Rules for Time Travelers: Apparently time travel is a license to kill. “In the present, you follow the rules. In the past, it’s the Wild West.” In the timey-wimey world of Journeyman, you can’t change what you want, only what The Powers That Be want (whoever they are, if they exist), and that you must do at all costs. Everything else seems to get smoothed out. It doesn’t matter that Dan took a seat on a trolley that then couldn’t be taken by someone else, who was then late, changing all of history. Those kinds of things just work out, unless they are part of the particular Rube-Goldberg device of the WOW, and then every little thing changes everything. It seems rather extreme to say he can go around killing people, but I don’t remember that coming up again. It’s more about declaring that Dan can do whatever he needs to in the past to right the Wrong of the Week, and setting the boundaries so far out in the horizon that you can’t see them anymore. (“So stop asking questions, ok?” the show seems to say.)
- Dan wakes up in a church pew in 1994, and the priest says, “Oh boy…”, which of course was Sam’s catchphrase in Quantum Leap. Very cute!
- The Spin Doctors’ song “Two Princes” has been whored out to every film and tv show that either needs to say something about two lovers or signal it’s 1994. Those guys must be rich off of just that.

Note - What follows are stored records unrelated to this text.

lemma mult_exp_le_if_scaled_le:
  fixes a x M :: real
  assumes "\<And>\<epsilon>. 0 < \<epsilon> \<Longrightarrow> \<epsilon> < 1 \<Longrightarrow> a * exp ((1 - \<epsilon>) * x) \<le> M"
  shows "a * exp x \<le> M"
proof (rule tendsto_upperbound)
  show "((\<lambda>\<epsilon>. a * exp ((1 - \<epsilon>) * x)) \<longlongrightarrow> a * exp x) (at_right 0)"
    by (auto intro!: tendsto_eq_intros)
  show "\<forall>\<^sub>F \<epsilon> in at_right 0. a * exp ((1 - \<epsilon>) * x) \<le> M"
    unfolding eventually_at_right_field using assms by (intro exI[of _ 1]) auto
qed simp

lemma eigenfunction_agmon_decay:
  assumes "finite V" and eigen: "\<forall>v\<in>V. laplacian V Adj \<phi> v + W v * \<phi> v = E * \<phi> v"
    and bound: "\<And>u. u \<in> V \<Longrightarrow> \<bar>\<phi> u\<bar> \<le> M"
    and reach: "\<And>u. u \<in> V \<Longrightarrow> paths_to V Adj {u. W u \<le> E} u \<noteq> {}"
    and "v \<in> V"
  shows "\<bar>\<phi> v\<bar> * exp (min_path_cost V Adj (agmon_weight V Adj W E) {u. W u \<le> E} v) \<le> M"
proof -
  define R where "R = min_path_cost V Adj (agmon_weight V Adj W E) {u. W u \<le> E}"
  have R_nonneg: "0 \<le> R u" if "u \<in> V" for u
    unfolding R_def
    by (rule min_path_cost_nonneg[where c = "agmon_weight V Adj W E",
          OF agmon_weight_nonneg reach[OF that]])
  have R_allowed: "R u \<le> 0" if "u \<in> V" "W u \<le> E" for u
    using min_path_cost_target[where c = "agmon_weight V Adj W E", OF agmon_weight_nonneg, of u V]
      agmon_weight_eq_0[of W u E V Adj] that
    by (simp add: R_def)
  have R_Adj: "R v \<le> R u + agmon_weight V Adj W E v" if "v \<in> V" "Adj v u" "u \<in> V" for u v
    unfolding R_def
    by (rule min_path_cost_Adj[where c = "agmon_weight V Adj W E",
          OF agmon_weight_nonneg that(1,2) reach[OF that(3)]])
  have "\<bar>\<phi> v\<bar> * exp ((1 - \<epsilon>) * R v) \<le> M" if "0 < \<epsilon>" "\<epsilon> < 1" for \<epsilon>
  proof (rule eigenfunction_max_principle[where r = "\<lambda>u. (1 - \<epsilon>) * R u",
        OF \<open>finite V\<close> _ eigen])
    show "0 \<le> M" using bound[OF \<open>v \<in> V\<close>] by linarith
    show "\<bar>\<phi> u\<bar> * exp ((1 - \<epsilon>) * R u) \<le> M" if "u \<in> V" "W u \<le> E" for u
      using R_nonneg[of u] R_allowed[of u] bound[of u] that by simp
    show "(1 - \<epsilon>) * R w < (1 - \<epsilon>) * R u + agmon_weight V Adj W E w"
      if "w \<in> V" "u \<in> V" "Adj w u" "E < W w" for w u
    proof -
      have "(1 - \<epsilon>) * R w \<le> (1 - \<epsilon>) * (R u + agmon_weight V Adj W E w)"
        using R_Adj[of w u] that \<open>\<epsilon> < 1\<close> by (intro mult_left_mono) auto
      also have "\<dots> < (1 - \<epsilon>) * R u + agmon_weight V Adj W E w"
        using agmon_weight_pos[of V u Adj w E W] that \<open>finite V\<close> \<open>0 < \<epsilon>\<close>
        by (simp add: algebra_simps)
      finally show ?thesis .
    qed
  qed (fact \<open>v \<in> V\<close>)
  then show ?thesis unfolding R_def[symmetric] by (rule mult_exp_le_if_scaled_le)
qed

- The next song, “There She Was”, however, was very on-the-nose for spotting NewLivia across the room. They did the same with the final song, “At Last (My Love Has Come Along)”, first making it Jack and Katie’s song, but playing it behind Dan and Katie’s cloakroom makeout session (reaffirming that Dan is her true love, like we didn’t know that.)

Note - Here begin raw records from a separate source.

lemma independent_UN_mono:
  fixes A :: "nat \<Rightarrow> 'b set"
  assumes "mono A" "\<And>n. independent (A n)"
  shows "independent (\<Union>n. A n)"
proof (rule independent_Union_directed)
  fix c d assume "c \<in> range A" "d \<in> range A"
  then obtain m n where "c = A m" "d = A n" by blast
  with \<open>mono A\<close> show "c \<subseteq> d \<or> d \<subseteq> c"
    by (metis monoD nle_le)
qed (use assms(2) in blast)

lemma
  fixes vseq :: "nat \<Rightarrow> 'b"
  assumes "\<And>n. vseq n \<notin> span (vseq ` {..<n})"
  shows independent_range_if_not_in_span_initial: "independent (range vseq)"
    and infinite_range_if_not_in_span_initial: "infinite (range vseq)"
proof -
  have "independent (vseq ` {..<n})" for n
  proof (induction n)
    case (Suc n)
    with assms[of n] show ?case by (simp add: lessThan_Suc independent_insertI)
  qed (simp add: independent_empty)
  moreover have "mono (\<lambda>n. vseq ` {..<n})"
    by (intro monoI image_mono) simp
  ultimately have "independent (\<Union>n. vseq ` {..<n})"
    by (intro independent_UN_mono)
  moreover have "(\<Union>n. vseq ` {..<n}) = range vseq"
    by (auto intro: lessI)
  ultimately show "independent (range vseq)" by simp
  have "vseq i \<noteq> vseq j" if "i < j" for i j
  proof
    assume "vseq i = vseq j"
    with \<open>i < j\<close> have "vseq j \<in> span (vseq ` {..<j})" by (metis imageI lessThan_iff span_base)
    with assms[of j] show False by contradiction
  qed
  then have "inj vseq" by (rule linorder_injI)
  then show "infinite (range vseq)" by (rule range_inj_infinite)
qed

lemma inj_on_span_range_if_initial:
  fixes vseq :: "nat \<Rightarrow> 'b"
  assumes lin: "Vector_Spaces.linear scale scale T"
    and "\<And>n. inj_on T (vseq ` {..<n})" "\<And>n. independent (T ` vseq ` {..<n})"
  shows "inj_on T (span (range vseq))"
proof -
  interpret T: Vector_Spaces.linear scale scale T by (rule lin)
  have range_eq: "range vseq = (\<Union>n. vseq ` {..<n})" by (auto intro: lessI)
  have "independent (\<Union>n. T ` vseq ` {..<n})"
    using assms(3) by (intro independent_UN_mono monoI image_mono) simp_all
  then have "independent (T ` range vseq)" by (simp add: range_eq image_UN)
  moreover have "inj_on T (\<Union>n. vseq ` {..<n})"
  proof (rule inj_on_UNION_chain)
    show "vseq ` {..<m} \<subseteq> vseq ` {..<n} \<or> vseq ` {..<n} \<subseteq> vseq ` {..<m}" for m n
      by (metis image_mono lessThan_subset_iff nle_le)
  qed (rule assms(2))
  then have "inj_on T (range vseq)" by (simp add: range_eq)
  ultimately show ?thesis by (rule T.inj_on_span_independent_image)
qed

lemma perfect_subset_annihilating_subspace:
  fixes \<phi> :: "(nat \<Rightarrow> 'c::countable) \<Rightarrow> 'b \<Rightarrow> 'b"
  assumes cont: "continuous_map pointwise_discrete_top pointwise_discrete_top \<phi>"
    and lin: "\<And>\<sigma>. Vector_Spaces.linear scale scale (\<phi> \<sigma>)"
    and S: "S \<subseteq> range \<phi>" "uncountable S" "\<And>T. T \<in> S \<Longrightarrow> finite_rank scale T"
    and B: "independent B" "infinite B"
  obtains P V where "P \<noteq> {}" "perfect_in pointwise_discrete_top P" "P \<subseteq> range \<phi>"
    "subspace V" "\<exists>B\<subseteq>V. independent B \<and> infinite B" "\<forall>T\<in>P. V \<subseteq> {x. T x = 0}"
proof -
  define M where "M T V \<longleftrightarrow> (\<forall>x\<in>V. T x = 0)" for T :: "'b \<Rightarrow> 'b" and V
  have "\<exists>P vseq. P \<noteq> {} \<and> perfect_in pointwise_discrete_top P \<and> P \<subseteq> range \<phi> \<and>
      (\<forall>T\<in>P. \<forall>n. M T (vseq ` {..<n})) \<and> (\<forall>n::nat. vseq n \<notin> span (vseq ` {..<n}))"
  proof (rule perfect_subset_by_fusion[OF cont S(1,2)])
    show "\<exists>v. v \<notin> span V \<and> (\<forall>T\<in>F. M T (insert v V))"
      if "finite V" "finite F" "F \<noteq> {}" "F \<subseteq> S" "\<forall>T\<in>F. M T V" for V F
    proof -
      have "\<exists>v. v \<notin> span V \<and> (\<forall>T\<in>F. T v = 0)"
        by (rule exists_not_in_span_in_common_kernel[OF that(1,2) _ _ B])
          (use that(4) S(1,3) lin in auto)
      with that(5) show ?thesis by (auto simp: M_def)
    qed
  qed (auto simp: M_def)
  then obtain P vseq where P: "P \<noteq> {}" "perfect_in pointwise_discrete_top P" "P \<subseteq> range \<phi>"
    and M: "\<forall>T\<in>P. \<forall>n. M T (vseq ` {..<n})" and N: "\<forall>n::nat. vseq n \<notin> span (vseq ` {..<n})"
    by (elim exE conjE)
  show ?thesis
  proof (rule that[OF P, of "span (range vseq)"])
    show "subspace (span (range vseq))" by simp
    show "\<exists>B\<subseteq>span (range vseq). independent B \<and> infinite B"
      using N independent_range_if_not_in_span_initial infinite_range_if_not_in_span_initial
      by (intro exI[of _ "range vseq"]) (simp add: span_superset)
    show "\<forall>T\<in>P. span (range vseq) \<subseteq> {x. T x = 0}"
    proof (intro ballI subsetI CollectI)
      fix T x assume "T \<in> P" "x \<in> span (range vseq)"
      then interpret T: Vector_Spaces.linear scale scale T using P(3) lin by blast
      have "T y = 0" if "y \<in> range vseq" for y
        using M \<open>T \<in> P\<close> that by (auto simp: M_def)
      then show "T x = 0"
        using \<open>x \<in> span (range vseq)\<close> by (rule T.eq_0_on_span)
    qed
  qed
qed

lemma perfect_subset_injective_subspace:
  fixes \<phi> :: "(nat \<Rightarrow> 'c::countable) \<Rightarrow> 'b \<Rightarrow> 'b"
  assumes cont: "continuous_map pointwise_discrete_top pointwise_discrete_top \<phi>"
    and lin: "\<And>\<sigma>. Vector_Spaces.linear scale scale (\<phi> \<sigma>)"
    and S: "S \<subseteq> range \<phi>" "uncountable S" "\<And>T. T \<in> S \<Longrightarrow> \<not> finite_rank scale T"
  obtains P V where "P \<noteq> {}" "perfect_in pointwise_discrete_top P" "P \<subseteq> range \<phi>"
    "subspace V" "\<exists>B\<subseteq>V. independent B \<and> infinite B" "\<forall>T\<in>P. inj_on T V"
proof -
  define M where "M T V \<longleftrightarrow> inj_on T V \<and> independent (T ` V)" for T :: "'b \<Rightarrow> 'b" and V
  have "\<exists>P vseq. P \<noteq> {} \<and> perfect_in pointwise_discrete_top P \<and> P \<subseteq> range \<phi> \<and>
      (\<forall>T\<in>P. \<forall>n. M T (vseq ` {..<n})) \<and> (\<forall>n::nat. vseq n \<notin> span (vseq ` {..<n}))"
  proof (rule perfect_subset_by_fusion[OF cont S(1,2)])
    show "M T {}" for T by (simp add: M_def independent_empty)
    show "M \<tau> V" if "M T V" "\<forall>x\<in>V. \<tau> x = T x" for T \<tau> V
    proof -
      have "\<tau> ` V = T ` V" using that(2) by (intro image_cong) simp_all
      moreover have "inj_on \<tau> V = inj_on T V" by (rule inj_on_cong) (use that(2) in simp)
      ultimately show ?thesis using that(1) by (simp add: M_def)
    qed
    show "\<exists>v. v \<notin> span V \<and> (\<forall>T\<in>F. M T (insert v V))"
      if "finite V" "finite F" "F \<noteq> {}" "F \<subseteq> S" "\<forall>T\<in>F. M T V" for V F
      using exists_not_in_span_preserving_injectivity[OF that(1-3)] that(4,5) S(1,3) lin
      unfolding M_def by blast
  qed
  then obtain P vseq where P: "P \<noteq> {}" "perfect_in pointwise_discrete_top P" "P \<subseteq> range \<phi>"
    and M: "\<forall>T\<in>P. \<forall>n. M T (vseq ` {..<n})" and N: "\<forall>n::nat. vseq n \<notin> span (vseq ` {..<n})"
    by (elim exE conjE)
  show ?thesis
  proof (rule that[OF P, of "span (range vseq)"])
    show "subspace (span (range vseq))" by simp
    show "\<exists>B\<subseteq>span (range vseq). independent B \<and> infinite B"
      using N independent_range_if_not_in_span_initial infinite_range_if_not_in_span_initial
      by (intro exI[of _ "range vseq"]) (simp add: span_superset)
    show "\<forall>T\<in>P. inj_on T (span (range vseq))"
      using M P(3) lin by (auto simp: M_def intro!: inj_on_span_range_if_initial)
  qed
qed

lemma perfect_subset_kernel_or_injective:
  fixes \<phi> :: "(nat \<Rightarrow> 'c::countable) \<Rightarrow> 'b \<Rightarrow> 'b"
  assumes cont: "continuous_map pointwise_discrete_top pointwise_discrete_top \<phi>"
    and lin: "\<And>\<sigma>. Vector_Spaces.linear scale scale (\<phi> \<sigma>)"
    and "uncountable (range \<phi>)" and B: "independent B" "infinite B"
  obtains P V where "P \<noteq> {}" "perfect_in pointwise_discrete_top P" "P \<subseteq> range \<phi>"
    "subspace V" "\<exists>B\<subseteq>V. independent B \<and> infinite B"
    "(\<forall>T\<in>P. V \<subseteq> {x. T x = 0}) \<or> (\<forall>T\<in>P. inj_on T V)"
proof (cases "uncountable {T \<in> range \<phi>. finite_rank scale T}")
  case True
  have sub: "{T \<in> range \<phi>. finite_rank scale T} \<subseteq> range \<phi>" by blast
  have rank: "\<And>T. T \<in> {T \<in> range \<phi>. finite_rank scale T} \<Longrightarrow> finite_rank scale T" by simp
  obtain P V where P: "P \<noteq> {}" "perfect_in pointwise_discrete_top P" "P \<subseteq> range \<phi>"
    "subspace V" "\<exists>B\<subseteq>V. independent B \<and> infinite B" "\<forall>T\<in>P. V \<subseteq> {x. T x = 0}"
    by (rule perfect_subset_annihilating_subspace[OF cont lin sub True rank B])
  show ?thesis by (rule that[OF P(1-5) disjI1[OF P(6)]])
next
  case False
  have unc: "uncountable {T \<in> range \<phi>. \<not> finite_rank scale T}"
  proof
    assume "countable {T \<in> range \<phi>. \<not> finite_rank scale T}"
    with False have "countable ({T \<in> range \<phi>. finite_rank scale T} \<union> {T \<in> range \<phi>. \<not> finite_rank scale T})"
      by simp
    also have "{T \<in> range \<phi>. finite_rank scale T} \<union> {T \<in> range \<phi>. \<not> finite_rank scale T} = range \<phi>"
      by blast
    finally show False using \<open>uncountable (range \<phi>)\<close> by contradiction
  qed
  have sub: "{T \<in> range \<phi>. \<not> finite_rank scale T} \<subseteq> range \<phi>" by blast
  have rank: "\<And>T. T \<in> {T \<in> range \<phi>. \<not> finite_rank scale T} \<Longrightarrow> \<not> finite_rank scale T" by simp
  obtain P V where P: "P \<noteq> {}" "perfect_in pointwise_discrete_top P" "P \<subseteq> range \<phi>"
    "subspace V" "\<exists>B\<subseteq>V. independent B \<and> infinite B" "\<forall>T\<in>P. inj_on T V"
    by (rule perfect_subset_injective_subspace[OF cont lin sub unc rank])
  show ?thesis by (rule that[OF P(1-5) disjI2[OF P(6)]])
qed

end

theorem theorem2p1:
  fixes sc :: "'f::{field,countable} \<Rightarrow> 'e::{ab_group_add,countable} \<Rightarrow> 'e"
    and A :: "('e \<Rightarrow> 'e) set"
  assumes vs: "vector_space sc"
    and infdim: "\<exists>B. \<not> module.dependent sc B \<and> infinite B"
    and A_sub: "A \<subseteq> {T. Vector_Spaces.linear sc sc T}"
    and A_an: "analytic_in (linmaps_top sc) A"
    and A_unc: "uncountable A"
  shows "\<exists>P V. P \<noteq> {} \<and> perfect_in (linmaps_top sc) P \<and> P \<subseteq> A \<and>
           module.subspace sc V \<and>
           (\<exists>B\<subseteq>V. \<not> module.dependent sc B \<and> infinite B) \<and>
           ((\<forall>T\<in>P. V \<subseteq> {x. T x = 0}) \<or> (\<forall>T\<in>P. inj_on T V))"
proof -
  interpret vector_space sc by (rule vs)
  obtain B where B: "independent B" "infinite B" using infdim by blast
  from A_unc have "A \<noteq> {}" by auto
  with A_an obtain \<phi> where \<phi>: "continuous_map baire_space (linmaps_top sc) \<phi>" "range \<phi> = A"
    unfolding analytic_in_def by blast
  then have cont: "continuous_map pointwise_discrete_top pointwise_discrete_top \<phi>"
    and lin: "\<And>\<sigma>. Vector_Spaces.linear sc sc (\<phi> \<sigma>)"
    using A_sub by (auto simp: linmaps_top_def baire_space_def continuous_map_in_subtopology)
  from A_unc \<phi>(2) have "uncountable (range \<phi>)" by simp
  then obtain P V where P: "P \<noteq> {}" "perfect_in pointwise_discrete_top P" "P \<subseteq> range \<phi>"
    and V: "subspace V" "\<exists>B\<subseteq>V. independent B \<and> infinite B"
      "(\<forall>T\<in>P. V \<subseteq> {x. T x = 0}) \<or> (\<forall>T\<in>P. inj_on T V)"
    by (rule perfect_subset_kernel_or_injective[OF cont lin _ B])
  moreover have "perfect_in (linmaps_top sc) P"
    unfolding linmaps_top_def using P(2,3) \<phi>(2) A_sub by (intro perfect_in_subtopology) auto
  ultimately show ?thesis
    using V \<phi>(2) by (intro exI[of _ P] exI[of _ V]) simp
qed

end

- Hugh’s on Dan’s case about not getting his work done, and decides Dan must be writing a novel on the side, and tells him to knock it off. Honestly, I wish Dan would try being a novelist or long-form non-fiction writer. The pragmatic side of me thinks this would be better than holding down a job– he could continue to muddle over his story while he was traveling and work on it whenever he’s home, then support the family on his royalties while he’s away. I thought of this earlier and was quite tickled when Hugh mentioned it.
- A little Time Travel Tango, as Dan nearly runs into PastKatie doing a story in Chinatown, while NewLivia steps in and distracts her so he can get away. Had a good laugh over Katie commenting that she liked NewLivia’s new look, “you seem more mature…” It does make you wonder how often the Livia one ran into back then was really NewLivia…
- About Dan answering the phone– the movie Primer didn’t come out for another two years after this, so I’ll forgive the show for not considering what is an important plot point in that movie: when a call is placed in 1998 to Dan’s cell phone, and there are two Dan’s cell phones in the past, which one gets the call? Both of them? The nearest one the cell phone tower finds? What if NewDan intercepts a call for PastDan? Dan should never answer his old phone. He should assume all incoming calls are for PastDan. Now, in his defense, he was distracted, and for the purposes of suspense he doesn’t have that “Why is my phone ringing?!” moment, but rather answers it out of habit. I’m going to chalk it up to Primer that I can’t help but be a wee bit obsessed with this whole cell phone issue. (Why doesn’t PastDan see the weird calls on his bill?!